Where are the Cadel doubters now? Everyone who said he wasn't mentally strong enough, physically strong enough, that he doesn't attack, he has no panache....where is the doubt now?


----------



## Marc (Jan 23, 2005)

robdamanii said:


> Virtual lead of 54" by Cadel. Complete reversal of last night.


Yup. 2' minute margin for the final stage means his yellow days are done, unless disaster strikes Cuddles.


----------



## robdamanii (Feb 13, 2006)

A wry smile from Cadel as he pulls through the final corner.


----------



## QuiQuaeQuod (Jan 24, 2003)

Well, seems Andy had nothing left in the tank. Even if he did, I doubt he had enough to withstand the incredible TT Cadel threw down. He was focused at the start, and all the way to the end, and he was cranking the whole time!

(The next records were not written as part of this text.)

(* Let $G=(V,E)$ with colouring $f$ satisfy $|B|>|R|$. Let $G^a=(V,E^a_0)$ be obtained from $G$ by deleting all edges with both ends red, and $G^r=(V,E^r_0)$ be obtained from $G$ by adding all non-edges with both ends blue. Let $E^a$ be an optimal solution to MIAE on $(G^a,f)$ and $E^r$ an optimal solution to MIRE on $(G^r,f)$, and put $A=E^a\setminus E^a_0$ (added edges) and $D=E^r_0\setminus E^r$ (removed edges). Then $E'=(E\setminus D)\cup A$ is an optimal solution to MIE on $(G,f)$, and the optimal MIE cost on $(G,f)$ equals $|A|+|D|$.
   Context: Graphs are finite, simple and undirected; $B,R$ are the blue and red nodes under $f:V\to\{B,R\}$. A node is under (majority) illusion in $(V,E')$ if it has strictly more red than blue neighbours there. An optimal solution to MIAE on $(H=(V,F_0),f)$ is an edge set $F\supseteq F_0$ with no node under illusion in $(V,F)$ and $|F\setminus F_0|$ minimum; an optimal solution to MIRE is $F\subseteq F_0$ with no node under illusion and $|F_0\setminus F|$ minimum; an optimal solution to MIE is any edge set $F$ on $V$ with no node under illusion and $|F_0\setminus F|+|F\setminus F_0|$ minimum. *)

theory Defs
  imports Main
begin

datatype colour = Blue | Red

definition edges_on :: "'a set \<Rightarrow> 'a set set" where
  "edges_on V = {e. e \<subseteq> V \<and> card e = 2}"

definition nbrs :: "'a set set \<Rightarrow> 'a \<Rightarrow> 'a set" where
  "nbrs E v = {u. u \<noteq> v \<and> {u, v} \<in> E}"

definition blues :: "'a set \<Rightarrow> ('a \<Rightarrow> colour) \<Rightarrow> 'a set" where
  "blues V f = {v \<in> V. f v = Blue}"

definition reds :: "'a set \<Rightarrow> ('a \<Rightarrow> colour) \<Rightarrow> 'a set" where
  "reds V f = {v \<in> V. f v = Red}"

definition under_illusion :: "('a \<Rightarrow> colour) \<Rightarrow> 'a set set \<Rightarrow> 'a \<Rightarrow> bool" where
  "under_illusion f E v \<longleftrightarrow>
     card {u \<in> nbrs E v. f u = Blue} < card {u \<in> nbrs E v. f u = Red}"

definition no_illusion :: "'a set \<Rightarrow> ('a \<Rightarrow> colour) \<Rightarrow> 'a set set \<Rightarrow> bool" where
  "no_illusion V f E \<longleftrightarrow> (\<forall>v\<in>V. \<not> under_illusion f E v)"

definition MIAE_opt :: "'a set \<Rightarrow> ('a \<Rightarrow> colour) \<Rightarrow> 'a set set \<Rightarrow> 'a set set \<Rightarrow> bool" where
  "MIAE_opt V f F0 F \<longleftrightarrow>
     F0 \<subseteq> F \<and> F \<subseteq> edges_on V \<and> no_illusion V f F \<and>
     (\<forall>F'. F0 \<subseteq> F' \<and> F' \<subseteq> edges_on V \<and> no_illusion V f F'
           \<longrightarrow> card (F - F0) \<le> card (F' - F0))"

definition MIRE_opt :: "'a set \<Rightarrow> ('a \<Rightarrow> colour) \<Rightarrow> 'a set set \<Rightarrow> 'a set set \<Rightarrow> bool" where
  "MIRE_opt V f F0 F \<longleftrightarrow>
     F \<subseteq> F0 \<and> no_illusion V f F \<and>
     (\<forall>F'. F' \<subseteq> F0 \<and> no_illusion V f F'
           \<longrightarrow> card (F0 - F) \<le> card (F0 - F'))"

definition mie_cost :: "'a set set \<Rightarrow> 'a set set \<Rightarrow> nat" where
  "mie_cost F0 F = card (F0 - F) + card (F - F0)"

definition MIE_opt :: "'a set \<Rightarrow> ('a \<Rightarrow> colour) \<Rightarrow> 'a set set \<Rightarrow> 'a set set \<Rightarrow> bool" where
  "MIE_opt V f F0 F \<longleftrightarrow>
     F \<subseteq> edges_on V \<and> no_illusion V f F \<and>
     (\<forall>F'. F' \<subseteq> edges_on V \<and> no_illusion V f F'
           \<longrightarrow> mie_cost F0 F \<le> mie_cost F0 F')"

end

theory Submission
  imports Defs
begin

text \<open>
  An optimal MIAE solution never adds a red--red edge and an optimal MIRE solution never deletes a
  blue--blue edge (undoing such a change keeps every vertex free of illusion). Hence the added edges
  \<open>A\<close> avoid \<open>E\<close>, the deleted edges \<open>D\<close> lie in \<open>E\<close>, and \<open>E'\<close> agrees with \<open>E\<^sup>a\<close> around every blue
  vertex and with \<open>E\<^sup>r\<close> around every red one, so it is illusion-free at cost \<open>|A| + |D|\<close>.

  For the lower bound, split the changes of an arbitrary solution \<open>F\<close> into added blue--blue edges,
  deleted red--red edges and the rest. Add the former to \<open>E\<^sup>a\<^sub>0\<close>: at every blue vertex the surplus of
  red over blue neighbours is then at most its number of deleted edges to red vertices, and joining
  a blue vertex under illusion to a blue non-neighbour (which exists because the blue vertices are
  the majority) uses up one such edge. This yields an MIAE solution, so \<open>|A|\<close> is at most the number
  of added blue--blue plus deleted other edges. Symmetrically, starting from \<open>E\<^sup>r\<^sub>0\<close> minus the deleted
  red--red edges and deleting red--red edges at red vertices under illusion bounds \<open>|D|\<close> by the
  deleted red--red plus added other edges.
\<close>

definition col_nbrs :: "('a \<Rightarrow> colour) \<Rightarrow> colour \<Rightarrow> 'a set set \<Rightarrow> 'a \<Rightarrow> 'a set" where
  "col_nbrs f c E v = {u \<in> nbrs E v. f u = c}"
(* For every $m\ge1$, the sequences $\big(\#R_n(1/2/\ldots/m)\big)_{n\ge0}$ and $\big(\#R_n(12\ldots m)\big)_{n\ge0}$ are P-recursive. Furthermore, for every partition $\pi$ of $[3]$, the sequence $\big(\#R_n(\pi)\big)_{n\ge0}$ is P-recursive.
   Context: $\Pi_n$ is the set of partitions of $[n]$. A partition $B_1/\ldots/B_k$ is in canonical order if $\min B_1<\cdots<\min B_k$; its restricted growth function is $\rho(\pi)=a_1\ldots a_n$ where $a_i$ is the index of the block containing $i$. A sequence contains $r$ if some subsequence standardizes (order-preserving relabeling of values onto $1,2,\ldots$) to $r$. $\sigma$ R-avoids $\pi$ if $\rho(\sigma)$ does not contain $\rho(\pi)$; $R_n(\pi)$ is the set of $\sigma\in\Pi_n$ R-avoiding $\pi$. A sequence $(a_n)$ is P-recursive if there are polynomials $P_0,\ldots,P_k$, not all zero, with $\sum_{i=0}^kP_i(n)a_{n+i}=0$ for all $n\ge0$. *)

theory Defs
  imports "HOL-Library.Disjoint_Sets" "HOL-Computational_Algebra.Polynomial"
begin

definition Pi_set :: "nat \<Rightarrow> nat set set set" where
  "Pi_set n = {\<sigma>. partition_on {1..n} \<sigma>}"

text \<open>Restricted growth function: a_i is the index of the block containing i
  when the blocks are listed in canonical order (by increasing minima), i.e. the
  number of blocks whose minimum is at most the minimum of the block of i.\<close>
definition block_of :: "nat set set \<Rightarrow> nat \<Rightarrow> nat set" where
  "block_of \<sigma> i = (THE B. B \<in> \<sigma> \<and> i \<in> B)"

definition rgf :: "nat set set \<Rightarrow> nat list" where
  "rgf \<sigma> = map (\<lambda>i. card {B \<in> \<sigma>. Min B \<le> Min (block_of \<sigma> i)})
                (sorted_list_of_set (\<Union>\<sigma>))"

text \<open>Standardization: order-preserving relabeling of the values onto 1,2,...\<close>
definition standardize :: "nat list \<Rightarrow> nat list" where
  "standardize s = map (\<lambda>x. card {y \<in> set s. y \<le> x}) s"

definition contains :: "nat list \<Rightarrow> nat list \<Rightarrow> bool" where
  "contains w r \<longleftrightarrow> (\<exists>I. standardize (nths w I) = r)"
(* Let $\Omega$ be a weighted clone, $\omega_1,\dots,\omega_n\in\Omega$, and $c_1,\dots,c_n\ge0$ real numbers. Let $\ell_i$ denote the arity of $\omega_i$. For each $1\le i\le n$ and $1\le j\le\ell_i$ let $g_{i,j}\in\mathrm{supp}(\Omega)$ be a $k$-ary operation (for a fixed $k$). If the function $\mu=\sum_{i=1}^n c_i\cdot\omega_i[g_{i,1},\dots,g_{i,\ell_i}]$ is a proper weighting, then $\mu\in\Omega$.
   Context: $D$ is a fixed finite set with $|D|\ge2$. A $k$-ary operation is $f:D^k\to D$; $\mathbf{O}^{(k)}_D$ is the set of $k$-ary operations. Projections: $e^{(k)}_i(x_1,\dots,x_k)=x_i$; $\mathbf{J}_D$ is the set of all projections, $\mathbf{J}_D^{(k)}$ the $k$-ary ones. Superposition of operations: $f[g_1,\dots,g_k](\mathbf{x})=f(g_1(\mathbf{x}),\dots,g_k(\mathbf{x}))$. A $k$-ary (proper) weighting is a function $\omega:\mathbf{O}^{(k)}_D\to\mathbb{R}$ with $\sum_f\omega(f)=0$ and $\omega(f)<0$ only if $f$ is a projection (a function with zero sum that is negative on some non-projection is an improper weighting). $\mathrm{supp}(\omega)=\mathbf{J}_D^{(k)}\cup\{f:\omega(f)>0\}$, and for a non-empty set $\Omega$ of weightings, $\mathrm{supp}(\Omega)=\mathbf{J}_D\cup\bigcup_{\omega\in\Omega}\mathrm{supp}(\omega)$. For $\omega:\mathbf{O}^{(\ell)}_D\to\mathbb{R}$ and $k$-ary $g_1,\dots,g_\ell$, the superposition $\omega[g_1,\dots,g_\ell]:\mathbf{O}^{(k)}_D\to\mathbb{R}$ is $\omega[g_1,\dots,g_\ell](f')=\sum_{f:f[g_1,\dots,g_\ell]=f'}\omega(f)$; it is proper if it is a proper weighting. Topology: the $k$-ary weightings lie in $\mathbb{R}^{\mathbf{O}^{(k)}_D}$ (Euclidean topology), with the disjoint union topology over $k$. A weighted clone is a non-empty set $\Omega$ of weightings closed under scaling by non-negative reals, addition of weightings of equal arity, and proper superposition with operations from $\mathrm{supp}(\Omega)$, and topologically closed. *)

theory Defs
  imports "HOL-Analysis.Analysis"
begin

text \<open>A k-ary operation on the finite domain 'd is represented as a function on
lists which is only meaningful on lists of length k (value undefined elsewhere).\<close>

definition ops :: "nat \<Rightarrow> ('d list \<Rightarrow> 'd) set" where
  "ops k = {f. \<forall>xs. length xs \<noteq> k \<longrightarrow> f xs = undefined}"

definition proj :: "nat \<Rightarrow> nat \<Rightarrow> ('d list \<Rightarrow> 'd)" where
  "proj k i = (\<lambda>xs. if length xs = k then xs ! i else undefined)"

definition projs :: "nat \<Rightarrow> ('d list \<Rightarrow> 'd) set" where
  "projs k = proj k ` {..<k}"

definition superpos :: "nat \<Rightarrow> ('d list \<Rightarrow> 'd) \<Rightarrow> ('d list \<Rightarrow> 'd) list \<Rightarrow> ('d list \<Rightarrow> 'd)" where
  "superpos k f gs = (\<lambda>xs. if length xs = k then f (map (\<lambda>g. g xs) gs) else undefined)"

definition weighting :: "nat \<Rightarrow> (('d list \<Rightarrow> 'd) \<Rightarrow> real) \<Rightarrow> bool" where
  "weighting k w \<longleftrightarrow> (\<forall>f. f \<notin> ops k \<longrightarrow> w f = 0) \<and> sum w (ops k) = 0
     \<and> (\<forall>f \<in> ops k. w f < 0 \<longrightarrow> f \<in> projs k)"

definition supp_w :: "nat \<Rightarrow> (('d list \<Rightarrow> 'd) \<Rightarrow> real) \<Rightarrow> ('d list \<Rightarrow> 'd) set" where
  "supp_w k w = projs k \<union> {f \<in> ops k. w f > 0}"

definition supp :: "(nat \<times> (('d list \<Rightarrow> 'd) \<Rightarrow> real)) set \<Rightarrow> (nat \<times> ('d list \<Rightarrow> 'd)) set" where
  "supp \<Omega> = {(k, f) | k f. 0 < k \<and> f \<in> projs k}
             \<union> {(k, f) | k w f. (k, w) \<in> \<Omega> \<and> f \<in> supp_w k w}"

definition wsuperpos :: "nat \<Rightarrow> (('d list \<Rightarrow> 'd) \<Rightarrow> real) \<Rightarrow> ('d list \<Rightarrow> 'd) list
    \<Rightarrow> (('d list \<Rightarrow> 'd) \<Rightarrow> real)" where
  "wsuperpos k w gs = (\<lambda>f'. \<Sum>f \<in> ops (length gs). if superpos k f gs = f' then w f else 0)"

definition weighted_clone :: "(nat \<times> (('d::finite list \<Rightarrow> 'd) \<Rightarrow> real)) set \<Rightarrow> bool" where
  "weighted_clone \<Omega> \<longleftrightarrow>
     \<Omega> \<noteq> {}
   \<and> (\<forall>(k, w) \<in> \<Omega>. 0 < k \<and> weighting k w)
   \<and> (\<forall>k w c. (k, w) \<in> \<Omega> \<and> c \<ge> 0 \<longrightarrow> (k, (\<lambda>f. c * w f)) \<in> \<Omega>)
   \<and> (\<forall>k w1 w2. (k, w1) \<in> \<Omega> \<and> (k, w2) \<in> \<Omega> \<longrightarrow> (k, (\<lambda>f. w1 f + w2 f)) \<in> \<Omega>)
   \<and> (\<forall>l w k gs. (l, w) \<in> \<Omega> \<and> 0 < k \<and> length gs = l
        \<and> (\<forall>g \<in> set gs. g \<in> ops k \<and> (k, g) \<in> supp \<Omega>)
        \<and> weighting k (wsuperpos k w gs)
        \<longrightarrow> (k, wsuperpos k w gs) \<in> \<Omega>)
   \<and> (\<forall>k. closed {w. (k, w) \<in> \<Omega>})"

end

theory Submission
  imports Defs
begin

text \<open>Give the arguments of the various \<open>\<omega>\<^sub>i\<close> disjoint blocks of variables of one large arity \<open>L\<close>:
lifting each \<open>\<omega>\<^sub>i\<close> to arity \<open>L\<close> by superposing it with projections onto its block keeps it in the
clone (superposition with projections is always proper), and the non-negative combination
\<open>\<Sum> c\<^sub>i \<omega>\<^sub>i'\<close> of the lifted weightings is in the clone as well. Superposing this single
weighting with the list \<open>G\<close> of all \<open>g\<^sub>i\<^sub>,\<^sub>j\<close>, each placed at its block position, gives back
\<open>\<mu>\<close>, because weighting superposition is linear and associative. Since \<open>\<mu>\<close> is proper by
assumption, this last superposition is allowed.\<close>

lemma finite_ops: "finite (ops k :: ('d::finite list \<Rightarrow> 'd) set)"
proof -
  have "ops k = PiE {xs::'d list. length xs = k} (\<lambda>_. UNIV)"
    unfolding ops_def PiE_def extensional_def Pi_def by auto
  moreover have "finite {xs::'d list. length xs = k}"
    using finite_lists_length_eq[of "UNIV::'d set" k] by simp
  ultimately show ?thesis by (simp add: finite_PiE)
qed

lemma superpos_in_ops: "superpos k f gs \<in> ops k"
  by (simp add: superpos_def ops_def)

lemma proj_in_ops: "proj k i \<in> ops k"
  by (simp add: proj_def ops_def)

lemma superpos_superpos:
  "length G = L \<Longrightarrow> superpos k (superpos L f ps) G = superpos k f (map (\<lambda>p. superpos k p G) ps)"
  unfolding superpos_def by (simp add: fun_eq_iff comp_def)

lemma superpos_proj_left:
  assumes "length G = L" "t < L" "G ! t \<in> ops k"
  shows "superpos k (proj L t) G = G ! t"
  using assms unfolding superpos_def proj_def ops_def by (auto simp: fun_eq_iff)

lemma superpos_proj_right:
  assumes "\<forall>j<l. \<sigma> j < L" "i < l"
  shows "superpos L (proj l i) (map (\<lambda>j. proj L (\<sigma> j)) [0..<l]) = proj L (\<sigma> i)"
  using assms unfolding superpos_def proj_def by (auto simp: fun_eq_iff)

lemma wsuperpos_wsuperpos:
  fixes w :: "('d::finite list \<Rightarrow> 'd) \<Rightarrow> real"
  assumes "length G = L"
  shows "wsuperpos k (wsuperpos L w ps) G = wsuperpos k w (map (\<lambda>p. superpos k p G) ps)"
proof
  fix f'
  let ?s = "\<lambda>f h. if superpos L f ps = h then (if superpos k h G = f' then w f else 0) else 0"
  have "wsuperpos k (wsuperpos L w ps) G f' = (\<Sum>h\<in>ops L. \<Sum>f\<in>ops (length ps). ?s f h)"
    unfolding wsuperpos_def assms
    by (intro sum.cong refl) (auto simp: if_distrib[of "\<lambda>x. if _ then x else 0"] intro!: sum.cong)
  also have "\<dots> = (\<Sum>f\<in>ops (length ps). \<Sum>h\<in>ops L. ?s f h)"
    by (rule sum.swap)
  also have "\<dots> = (\<Sum>f\<in>ops (length ps). if superpos k (superpos L f ps) G = f' then w f else 0)"
    by (intro sum.cong refl) (simp add: finite_ops superpos_in_ops)
  also have "\<dots> = wsuperpos k w (map (\<lambda>p. superpos k p G) ps) f'"
    unfolding wsuperpos_def using superpos_superpos[OF assms] by simp
  finally show "wsuperpos k (wsuperpos L w ps) G f' = wsuperpos k w (map (\<lambda>p. superpos k p G) ps) f'" .
qed

lemma wsuperpos_sum:
  "wsuperpos k (\<lambda>f. \<Sum>i\<in>I. c i * w i f) G = (\<lambda>f'. \<Sum>i\<in>I. c i * wsuperpos k (w i) G f')"
proof
  fix f'
  have "wsuperpos k (\<lambda>f. \<Sum>i\<in>I. c i * w i f) G f' =
      (\<Sum>f\<in>ops (length G). \<Sum>i\<in>I. c i * (if superpos k f G = f' then w i f else 0))"
    unfolding wsuperpos_def by (intro sum.cong refl) auto
  also have "\<dots> = (\<Sum>i\<in>I. c i * wsuperpos k (w i) G f')"
    unfolding wsuperpos_def by (subst sum.swap) (simp add: sum_distrib_left)
  finally show "wsuperpos k (\<lambda>f. \<Sum>i\<in>I. c i * w i f) G f' = (\<Sum>i\<in>I. c i * wsuperpos k (w i) G f')" .
qed

lemma wsuperpos_zero: "wsuperpos k (\<lambda>_. 0) gs = (\<lambda>_. 0)"
  by (simp add: wsuperpos_def)

lemma wsuperpos_projs_wsuperpos:
  fixes w :: "('d::finite list \<Rightarrow> 'd) \<Rightarrow> real"
  assumes "length G = L" "\<forall>j<l. \<sigma> j < L" "\<forall>h\<in>set G. h \<in> ops k"
  shows "wsuperpos k (wsuperpos L w (map (\<lambda>j. proj L (\<sigma> j)) [0..<l])) G
       = wsuperpos k w (map (\<lambda>j. G ! \<sigma> j) [0..<l])"
proof -
  have "map (\<lambda>p. superpos k p G) (map (\<lambda>j. proj L (\<sigma> j)) [0..<l]) = map (\<lambda>j. G ! \<sigma> j) [0..<l]"
    using assms by (auto intro!: superpos_proj_left)
  then show ?thesis by (simp only: wsuperpos_wsuperpos[OF assms(1)])
qed
lemma unit_in_if_constant_factor_of_coprime:
  fixes f :: "rat \<Rightarrow>\<^sub>0 'a::idom"
  assumes M: "puiseux_monoid M" and "coprime_coeffs f" and "f = a * b"
    and "Poly_Mapping.keys a \<subseteq> {0}"
  shows "unit_in (semigroup_ring M) a"
proof -
  obtain c where a: "a = scalar c" using assms(4) keys_subset_0_imp_scalar by blast
  then have "dvd_coeffs c f" using dvd_coeffs_scalar_times assms(3) by metis
  then have "c dvd 1" using assms(2) by (simp add: coprime_coeffs_def)
  with a show ?thesis by (auto simp: unit_in_semigroup_ring_iff[OF M])
qed

lemma irreducible_in_if_irreducible_in_frac_ring:
  fixes f :: "rat \<Rightarrow>\<^sub>0 'a::idom"
  assumes M: "puiseux_monoid M" and "coprime_coeffs f" and "f \<in> semigroup_ring M"
    and nonconst: "\<not> Poly_Mapping.keys f \<subseteq> {0}"
    and irr: "irreducible_in (semigroup_ring M) (to_frac_ring f)"
  shows "irreducible_in (semigroup_ring M) f"
  unfolding irreducible_in_def
proof (intro conjI ballI impI)
  show "f \<in> semigroup_ring M" by fact
  show "f \<noteq> 0" "\<not> unit_in (semigroup_ring M) f"
    using nonconst keys_subset_0_if_unit_in[OF M] by auto
  fix a b assume "a \<in> semigroup_ring M" "b \<in> semigroup_ring M" and f: "f = a * b"
  then have "unit_in (semigroup_ring M) (to_frac_ring a) \<or> unit_in (semigroup_ring M) (to_frac_ring b)"
    using irr by (simp add: irreducible_in_def to_frac_ring_times)
  then show "unit_in (semigroup_ring M) a \<or> unit_in (semigroup_ring M) b"
  proof
    assume "unit_in (semigroup_ring M) (to_frac_ring a)"
    then have "Poly_Mapping.keys a \<subseteq> {0}" using keys_subset_0_if_unit_in[OF M] by fastforce
    with f have "unit_in (semigroup_ring M) a"
      by (rule unit_in_if_constant_factor_of_coprime[OF M \<open>coprime_coeffs f\<close>])
    then show ?thesis ..
  next
    assume "unit_in (semigroup_ring M) (to_frac_ring b)"
    then have "Poly_Mapping.keys b \<subseteq> {0}" using keys_subset_0_if_unit_in[OF M] by fastforce
    moreover have "f = b * a" using f by (simp add: mult.commute)
    ultimately have "unit_in (semigroup_ring M) b"
      using unit_in_if_constant_factor_of_coprime[OF M \<open>coprime_coeffs f\<close>] by blast
    then show ?thesis ..
  qed
qed
lemma right_limit_points_le_left:
  assumes "0 \<le> c" "y \<le> x i"
  shows "right_limit_points c m x i y \<le> left_limit_points c m x i y"
  using assms
  by (simp add: left_limit_points_def right_limit_points_def first_points_def last_points_def)

lemma nash_eq_limit_at_left_le:
  assumes nash: "nash_eq c m x" and i: "i < m" and pos: "0 < x i"
    and lim: "((\<lambda>t. score c m (x(i := t)) i) \<longlongrightarrow> a) (at_left (x i))"
  shows "a \<le> score c m x i"
proof (rule tendsto_upperbound[OF lim _ trivial_limit_at_left_real])
  have "x i \<le> 1" using nash i unfolding nash_eq_def is_profile_def by auto
  from eventually_at_left_real[OF pos]
  show "\<forall>\<^sub>F t in at_left (x i). score c m (x(i := t)) i \<le> score c m x i"
  proof eventually_elim
    case (elim t)
    with \<open>x i \<le> 1\<close> have "t \<in> {0..1}" by auto
    with nash i show ?case unfolding nash_eq_def by blast
  qed
qed

lemma nash_eq_limit_at_right_le:
  assumes nash: "nash_eq c m x" and i: "i < m" and lt1: "x i < 1"
    and lim: "((\<lambda>t. score c m (x(i := t)) i) \<longlongrightarrow> a) (at_right (x i))"
  shows "a \<le> score c m x i"
proof (rule tendsto_upperbound[OF lim _ trivial_limit_at_right_real])
  have "0 \<le> x i" using nash i unfolding nash_eq_def is_profile_def by auto
  from eventually_at_right_real[OF lt1]
  show "\<forall>\<^sub>F t in at_right (x i). score c m (x(i := t)) i \<le> score c m x i"
  proof eventually_elim
    case (elim t)
    with \<open>0 \<le> x i\<close> have "t \<in> {0..1}" by auto
    with nash i show ?case unfolding nash_eq_def by blast
  qed
qed

lemma twin_exists:
  assumes "i < m" and "card {j. j < m \<and> x j = x i} = 2"
  obtains k where "k < m" "k \<noteq> i" "x k = x i"
proof -
  have "{j. j < m \<and> x j = x i} \<noteq> {i}"
  proof
    assume "{j. j < m \<and> x j = x i} = {i}"
    with assms(2) show False by simp
  qed
  with assms(1) that show ?thesis by blast
qed

lemma nash_eq_left_limit_le_score:
  assumes c: "0 \<le> c" and nash: "nash_eq c m x" and i: "i < m"
    and twins: "card {j. j < m \<and> x j = x i} = 2"
  shows "integral {0..1} (left_limit_points c m x i) \<le> score c m x i"
proof -
  obtain k where twin: "k < m" "k \<noteq> i" "x k = x i" using twin_exists[OF i twins] .
  note L = score_tendsto_at_left[where c = c, OF i twin]
    and R = score_tendsto_at_right[where c = c, OF i twin]
  have "0 \<le> x i" using nash i unfolding nash_eq_def is_profile_def by auto
  show ?thesis
  proof (cases "0 < x i")
    case False
    have "integral {0..1} (left_limit_points c m x i) \<le> integral {0..1} (right_limit_points c m x i)"
    proof (rule integral_le[OF L(1) R(1)])
      fix y :: real assume "y \<in> {0..1}"
      with False \<open>0 \<le> x i\<close> show "left_limit_points c m x i y \<le> right_limit_points c m x i y"
        by (intro left_limit_points_le_right[OF c]) simp
    qed
    with integral_limit_points_sum[OF twins L(1) R(1)] show ?thesis by linarith
  qed (rule nash_eq_limit_at_left_le[OF nash i _ L(2)])
qed

lemma nash_eq_right_limit_le_score:
  assumes c: "0 \<le> c" and nash: "nash_eq c m x" and i: "i < m"
    and twins: "card {j. j < m \<and> x j = x i} = 2"
  shows "integral {0..1} (right_limit_points c m x i) \<le> score c m x i"
proof -
  obtain k where twin: "k < m" "k \<noteq> i" "x k = x i" using twin_exists[OF i twins] .
  note L = score_tendsto_at_left[where c = c, OF i twin]
    and R = score_tendsto_at_right[where c = c, OF i twin]
  have "x i \<le> 1" using nash i unfolding nash_eq_def is_profile_def by auto
  show ?thesis
  proof (cases "x i < 1")
    case False
    have "integral {0..1} (right_limit_points c m x i) \<le> integral {0..1} (left_limit_points c m x i)"
    proof (rule integral_le[OF R(1) L(1)])
      fix y :: real assume "y \<in> {0..1}"
      with False \<open>x i \<le> 1\<close> show "right_limit_points c m x i y \<le> left_limit_points c m x i y"
        by (intro right_limit_points_le_left[OF c]) simp
    qed
    with integral_limit_points_sum[OF twins L(1) R(1)] show ?thesis by linarith
  qed (rule nash_eq_limit_at_right_le[OF nash i _ R(2)])
qed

Cadel deserves this fully, he kept the race in reach, then just powered to the win in a way that should leave no doubts about who the strongest cyclist has been.


----------



## Lynton (Jul 9, 2011)

The most exciting ITT since Lemond won in the ITT. Absolutely nail biting stuff, I hope both Cadel and Andy have a good ride with no incidence so the result can be considered a true indication of the rider.

Go Cadel You Good Thing!!!!!!!!


----------



## peter584 (Aug 17, 2008)

Here come the tears. I hope cadel can hold it together long enough for a decent interview toady


----------



## ColdRider (Mar 17, 2005)

Gonna be interesting to see how close our prediction was. we had estimated evans putting 1:30-2:00 on Andy and 0:00-0:30 on contador


----------



## harlond (May 30, 2005)

No question who the strongest man in the race is. Very worthy winner, Cadel.


----------



## Jwiffle (Mar 18, 2005)

Andy through all time checks just one second in front of frank. gotta be able toi do better than that against frank if you want to win the tour.

Cadel will have it by 2+ minutes!


----------



## Lynton (Jul 9, 2011)

ColdRider said:


> Gonna be interesting to see how close our prediction was. we had estimated evans putting 1:30-2:00 on Andy and 0:00-0:30 on contador


Very true, looking pretty good so far.

I am also very interested in can Cadel take the stage win?

It seems we may have a delay in our TV, please don't tell me I will read again when I have seen for myself (if my finger nails last the distance).


----------



## ColdRider (Mar 17, 2005)

Jwiffle said:


> Andy through all time checks just one second in front of frank. gotta be able toi do better than that against frank if you want to win the tour.
> 
> Cadel will have it by 2+ minutes!


Was thinking the same thing. He left his legs on the mountains :/. Incredilble ride by evans.


----------



## robdamanii (Feb 13, 2006)

peter584 said:


> Here come the tears. I hope cadel can hold it together long enough for a decent interview toady


If you were on the cusp of winning the Tour, you'd cry too.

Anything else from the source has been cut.